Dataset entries

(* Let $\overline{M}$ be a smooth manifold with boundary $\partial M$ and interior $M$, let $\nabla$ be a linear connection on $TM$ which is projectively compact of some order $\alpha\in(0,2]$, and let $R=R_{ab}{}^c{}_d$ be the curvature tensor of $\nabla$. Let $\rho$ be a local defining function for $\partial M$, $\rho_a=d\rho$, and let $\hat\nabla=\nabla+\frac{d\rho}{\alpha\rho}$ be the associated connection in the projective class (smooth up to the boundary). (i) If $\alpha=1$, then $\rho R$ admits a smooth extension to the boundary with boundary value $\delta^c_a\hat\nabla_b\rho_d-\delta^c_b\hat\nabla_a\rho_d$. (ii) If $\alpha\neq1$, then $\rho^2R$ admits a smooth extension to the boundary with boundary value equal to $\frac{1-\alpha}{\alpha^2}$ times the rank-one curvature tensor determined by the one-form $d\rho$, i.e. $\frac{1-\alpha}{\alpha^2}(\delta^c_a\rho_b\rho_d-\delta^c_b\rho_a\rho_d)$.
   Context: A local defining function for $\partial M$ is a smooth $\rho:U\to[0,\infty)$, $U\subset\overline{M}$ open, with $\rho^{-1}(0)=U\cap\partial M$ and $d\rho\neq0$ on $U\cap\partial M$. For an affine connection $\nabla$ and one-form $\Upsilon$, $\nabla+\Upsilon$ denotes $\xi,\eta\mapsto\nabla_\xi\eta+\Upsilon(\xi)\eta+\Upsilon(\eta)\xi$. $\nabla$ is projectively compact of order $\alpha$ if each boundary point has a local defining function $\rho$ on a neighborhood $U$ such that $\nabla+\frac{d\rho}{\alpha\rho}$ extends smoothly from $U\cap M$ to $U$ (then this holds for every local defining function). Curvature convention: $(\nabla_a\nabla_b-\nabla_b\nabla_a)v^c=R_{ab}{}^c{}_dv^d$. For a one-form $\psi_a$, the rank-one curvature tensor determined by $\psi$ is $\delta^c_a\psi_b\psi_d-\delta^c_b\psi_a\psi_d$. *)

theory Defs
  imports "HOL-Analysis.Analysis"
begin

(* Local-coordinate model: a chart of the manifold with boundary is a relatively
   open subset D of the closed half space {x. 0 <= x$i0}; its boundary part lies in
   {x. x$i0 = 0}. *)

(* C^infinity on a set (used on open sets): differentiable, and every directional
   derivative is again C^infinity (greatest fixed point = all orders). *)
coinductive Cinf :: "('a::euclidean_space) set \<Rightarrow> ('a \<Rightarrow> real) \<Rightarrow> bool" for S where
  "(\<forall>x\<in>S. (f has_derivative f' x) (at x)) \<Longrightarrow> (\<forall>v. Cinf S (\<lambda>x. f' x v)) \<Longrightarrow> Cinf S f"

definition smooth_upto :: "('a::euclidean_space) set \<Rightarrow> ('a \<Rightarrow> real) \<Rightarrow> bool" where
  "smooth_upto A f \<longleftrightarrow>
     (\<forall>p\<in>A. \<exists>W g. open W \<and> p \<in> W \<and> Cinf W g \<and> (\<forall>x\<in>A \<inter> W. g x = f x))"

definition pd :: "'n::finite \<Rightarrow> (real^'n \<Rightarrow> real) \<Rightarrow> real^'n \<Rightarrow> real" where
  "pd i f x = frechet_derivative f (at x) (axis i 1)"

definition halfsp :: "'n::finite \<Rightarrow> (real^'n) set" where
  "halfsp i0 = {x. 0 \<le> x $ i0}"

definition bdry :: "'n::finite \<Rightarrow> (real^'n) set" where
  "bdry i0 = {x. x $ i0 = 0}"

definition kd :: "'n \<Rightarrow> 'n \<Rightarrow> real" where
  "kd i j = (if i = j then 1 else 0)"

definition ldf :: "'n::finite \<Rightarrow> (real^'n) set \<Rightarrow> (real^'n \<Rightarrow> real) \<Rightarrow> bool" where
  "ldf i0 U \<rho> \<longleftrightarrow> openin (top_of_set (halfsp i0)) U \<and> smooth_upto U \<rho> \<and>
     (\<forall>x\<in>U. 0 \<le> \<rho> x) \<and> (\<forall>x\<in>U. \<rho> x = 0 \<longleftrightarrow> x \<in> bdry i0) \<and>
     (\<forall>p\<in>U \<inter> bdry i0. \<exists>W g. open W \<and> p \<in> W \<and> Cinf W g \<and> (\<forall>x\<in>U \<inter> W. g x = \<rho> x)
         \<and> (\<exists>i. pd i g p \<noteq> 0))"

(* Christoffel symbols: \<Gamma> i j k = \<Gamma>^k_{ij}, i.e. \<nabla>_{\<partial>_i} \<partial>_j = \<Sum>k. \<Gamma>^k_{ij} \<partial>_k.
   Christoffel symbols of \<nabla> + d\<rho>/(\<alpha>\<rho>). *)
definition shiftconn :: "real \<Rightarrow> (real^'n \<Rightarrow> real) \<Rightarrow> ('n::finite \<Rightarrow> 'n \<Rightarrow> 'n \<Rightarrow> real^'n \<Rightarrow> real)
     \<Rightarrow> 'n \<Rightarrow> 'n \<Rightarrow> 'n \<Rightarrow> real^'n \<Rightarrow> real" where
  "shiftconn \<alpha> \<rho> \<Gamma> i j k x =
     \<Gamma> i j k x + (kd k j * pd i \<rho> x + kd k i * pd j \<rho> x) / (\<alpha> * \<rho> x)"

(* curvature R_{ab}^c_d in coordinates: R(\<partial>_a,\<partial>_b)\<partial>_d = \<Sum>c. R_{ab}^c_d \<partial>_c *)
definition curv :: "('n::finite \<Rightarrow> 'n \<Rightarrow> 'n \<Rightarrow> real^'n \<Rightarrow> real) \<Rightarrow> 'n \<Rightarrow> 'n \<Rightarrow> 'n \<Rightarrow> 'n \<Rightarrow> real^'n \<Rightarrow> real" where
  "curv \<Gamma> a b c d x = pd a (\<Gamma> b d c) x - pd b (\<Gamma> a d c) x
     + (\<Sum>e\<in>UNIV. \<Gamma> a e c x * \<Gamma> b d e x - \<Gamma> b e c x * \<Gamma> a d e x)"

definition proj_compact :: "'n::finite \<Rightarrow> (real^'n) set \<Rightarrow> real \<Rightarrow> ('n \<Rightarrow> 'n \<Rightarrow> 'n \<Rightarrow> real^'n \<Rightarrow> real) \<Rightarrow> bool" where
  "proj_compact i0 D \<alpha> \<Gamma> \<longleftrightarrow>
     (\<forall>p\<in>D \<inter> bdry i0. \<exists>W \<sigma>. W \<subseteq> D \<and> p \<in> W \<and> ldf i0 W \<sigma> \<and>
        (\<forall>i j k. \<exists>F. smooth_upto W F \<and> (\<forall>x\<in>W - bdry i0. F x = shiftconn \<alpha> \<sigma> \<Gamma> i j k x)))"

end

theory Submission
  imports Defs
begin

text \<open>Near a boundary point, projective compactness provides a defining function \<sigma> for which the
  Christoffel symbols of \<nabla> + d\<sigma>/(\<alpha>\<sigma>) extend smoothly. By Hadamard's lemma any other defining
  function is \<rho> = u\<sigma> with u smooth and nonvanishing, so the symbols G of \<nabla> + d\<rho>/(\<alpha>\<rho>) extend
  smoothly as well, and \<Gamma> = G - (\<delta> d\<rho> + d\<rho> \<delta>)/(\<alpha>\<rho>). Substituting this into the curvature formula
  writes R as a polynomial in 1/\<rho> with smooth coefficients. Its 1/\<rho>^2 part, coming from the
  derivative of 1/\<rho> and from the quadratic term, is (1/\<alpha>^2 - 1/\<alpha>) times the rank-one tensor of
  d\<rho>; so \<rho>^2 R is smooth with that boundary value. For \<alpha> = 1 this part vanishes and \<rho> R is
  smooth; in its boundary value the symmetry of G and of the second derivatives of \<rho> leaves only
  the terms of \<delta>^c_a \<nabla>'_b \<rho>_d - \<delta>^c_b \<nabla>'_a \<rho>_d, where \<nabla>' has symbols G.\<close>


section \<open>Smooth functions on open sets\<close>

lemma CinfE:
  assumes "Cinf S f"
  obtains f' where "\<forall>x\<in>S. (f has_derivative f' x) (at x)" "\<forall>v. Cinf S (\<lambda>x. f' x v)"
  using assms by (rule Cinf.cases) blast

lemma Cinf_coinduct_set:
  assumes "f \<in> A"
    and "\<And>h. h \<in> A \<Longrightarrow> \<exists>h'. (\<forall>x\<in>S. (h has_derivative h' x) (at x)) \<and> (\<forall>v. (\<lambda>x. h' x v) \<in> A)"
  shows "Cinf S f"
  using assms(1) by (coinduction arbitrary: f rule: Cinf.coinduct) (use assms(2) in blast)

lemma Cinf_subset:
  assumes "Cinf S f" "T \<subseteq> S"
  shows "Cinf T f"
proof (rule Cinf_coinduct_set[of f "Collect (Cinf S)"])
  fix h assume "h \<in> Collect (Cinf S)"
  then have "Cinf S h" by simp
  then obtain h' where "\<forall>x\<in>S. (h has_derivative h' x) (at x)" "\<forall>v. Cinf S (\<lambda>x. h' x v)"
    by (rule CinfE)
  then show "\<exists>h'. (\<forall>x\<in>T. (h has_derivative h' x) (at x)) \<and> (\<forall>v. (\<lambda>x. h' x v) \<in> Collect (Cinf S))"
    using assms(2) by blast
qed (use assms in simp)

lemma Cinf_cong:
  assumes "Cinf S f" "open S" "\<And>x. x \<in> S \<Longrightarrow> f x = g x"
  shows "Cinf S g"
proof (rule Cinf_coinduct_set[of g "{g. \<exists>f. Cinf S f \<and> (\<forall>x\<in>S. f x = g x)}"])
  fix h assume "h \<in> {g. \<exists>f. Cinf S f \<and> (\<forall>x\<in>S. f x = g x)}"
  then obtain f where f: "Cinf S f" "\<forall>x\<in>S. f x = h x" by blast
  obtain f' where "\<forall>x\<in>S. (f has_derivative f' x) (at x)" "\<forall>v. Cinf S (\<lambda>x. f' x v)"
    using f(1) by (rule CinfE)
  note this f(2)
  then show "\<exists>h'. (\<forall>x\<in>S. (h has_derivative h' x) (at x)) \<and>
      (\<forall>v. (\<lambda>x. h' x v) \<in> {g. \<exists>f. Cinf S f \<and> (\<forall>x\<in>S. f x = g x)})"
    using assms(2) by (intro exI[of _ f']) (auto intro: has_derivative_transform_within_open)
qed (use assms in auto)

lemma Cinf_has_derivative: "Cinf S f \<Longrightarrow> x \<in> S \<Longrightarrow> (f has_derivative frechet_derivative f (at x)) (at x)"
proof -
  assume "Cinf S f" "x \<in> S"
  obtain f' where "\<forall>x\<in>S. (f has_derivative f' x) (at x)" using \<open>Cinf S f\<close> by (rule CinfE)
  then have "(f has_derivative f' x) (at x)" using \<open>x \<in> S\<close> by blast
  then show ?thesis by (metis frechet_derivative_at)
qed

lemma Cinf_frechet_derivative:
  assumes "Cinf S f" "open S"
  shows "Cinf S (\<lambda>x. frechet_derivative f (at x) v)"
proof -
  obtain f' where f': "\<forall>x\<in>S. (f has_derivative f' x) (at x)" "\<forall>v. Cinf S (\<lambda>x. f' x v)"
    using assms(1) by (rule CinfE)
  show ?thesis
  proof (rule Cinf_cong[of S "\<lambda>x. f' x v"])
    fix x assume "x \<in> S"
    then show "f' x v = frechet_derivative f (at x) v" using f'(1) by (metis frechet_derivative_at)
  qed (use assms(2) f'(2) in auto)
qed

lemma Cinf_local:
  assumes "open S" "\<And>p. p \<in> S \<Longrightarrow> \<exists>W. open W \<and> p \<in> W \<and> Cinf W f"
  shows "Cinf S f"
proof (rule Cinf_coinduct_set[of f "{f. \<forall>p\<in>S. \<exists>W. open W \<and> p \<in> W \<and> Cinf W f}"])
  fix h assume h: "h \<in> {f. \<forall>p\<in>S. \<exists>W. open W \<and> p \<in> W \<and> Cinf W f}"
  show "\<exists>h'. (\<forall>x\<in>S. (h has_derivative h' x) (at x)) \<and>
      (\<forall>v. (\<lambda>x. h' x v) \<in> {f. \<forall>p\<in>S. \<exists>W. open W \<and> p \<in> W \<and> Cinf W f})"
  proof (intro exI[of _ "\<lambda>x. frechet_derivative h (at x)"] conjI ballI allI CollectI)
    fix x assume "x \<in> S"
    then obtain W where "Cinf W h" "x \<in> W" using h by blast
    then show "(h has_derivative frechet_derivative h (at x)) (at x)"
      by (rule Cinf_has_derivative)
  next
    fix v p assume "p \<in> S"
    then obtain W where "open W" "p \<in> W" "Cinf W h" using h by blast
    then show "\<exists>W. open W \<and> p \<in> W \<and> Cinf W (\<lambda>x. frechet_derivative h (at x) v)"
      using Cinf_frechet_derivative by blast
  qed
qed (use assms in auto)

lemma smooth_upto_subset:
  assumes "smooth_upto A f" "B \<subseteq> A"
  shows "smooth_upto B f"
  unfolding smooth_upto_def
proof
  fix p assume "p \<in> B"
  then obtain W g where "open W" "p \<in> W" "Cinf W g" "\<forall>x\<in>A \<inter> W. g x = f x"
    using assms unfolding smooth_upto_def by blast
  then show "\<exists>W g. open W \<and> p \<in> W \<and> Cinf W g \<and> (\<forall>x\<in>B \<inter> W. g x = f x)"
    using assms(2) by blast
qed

_PROBLEM DETAILS:_
Collect every line above that contains the word "unfolding".

_TASK OUTPUT:_
  unfolding smooth_upto_def
    using assms unfolding smooth_upto_def by blast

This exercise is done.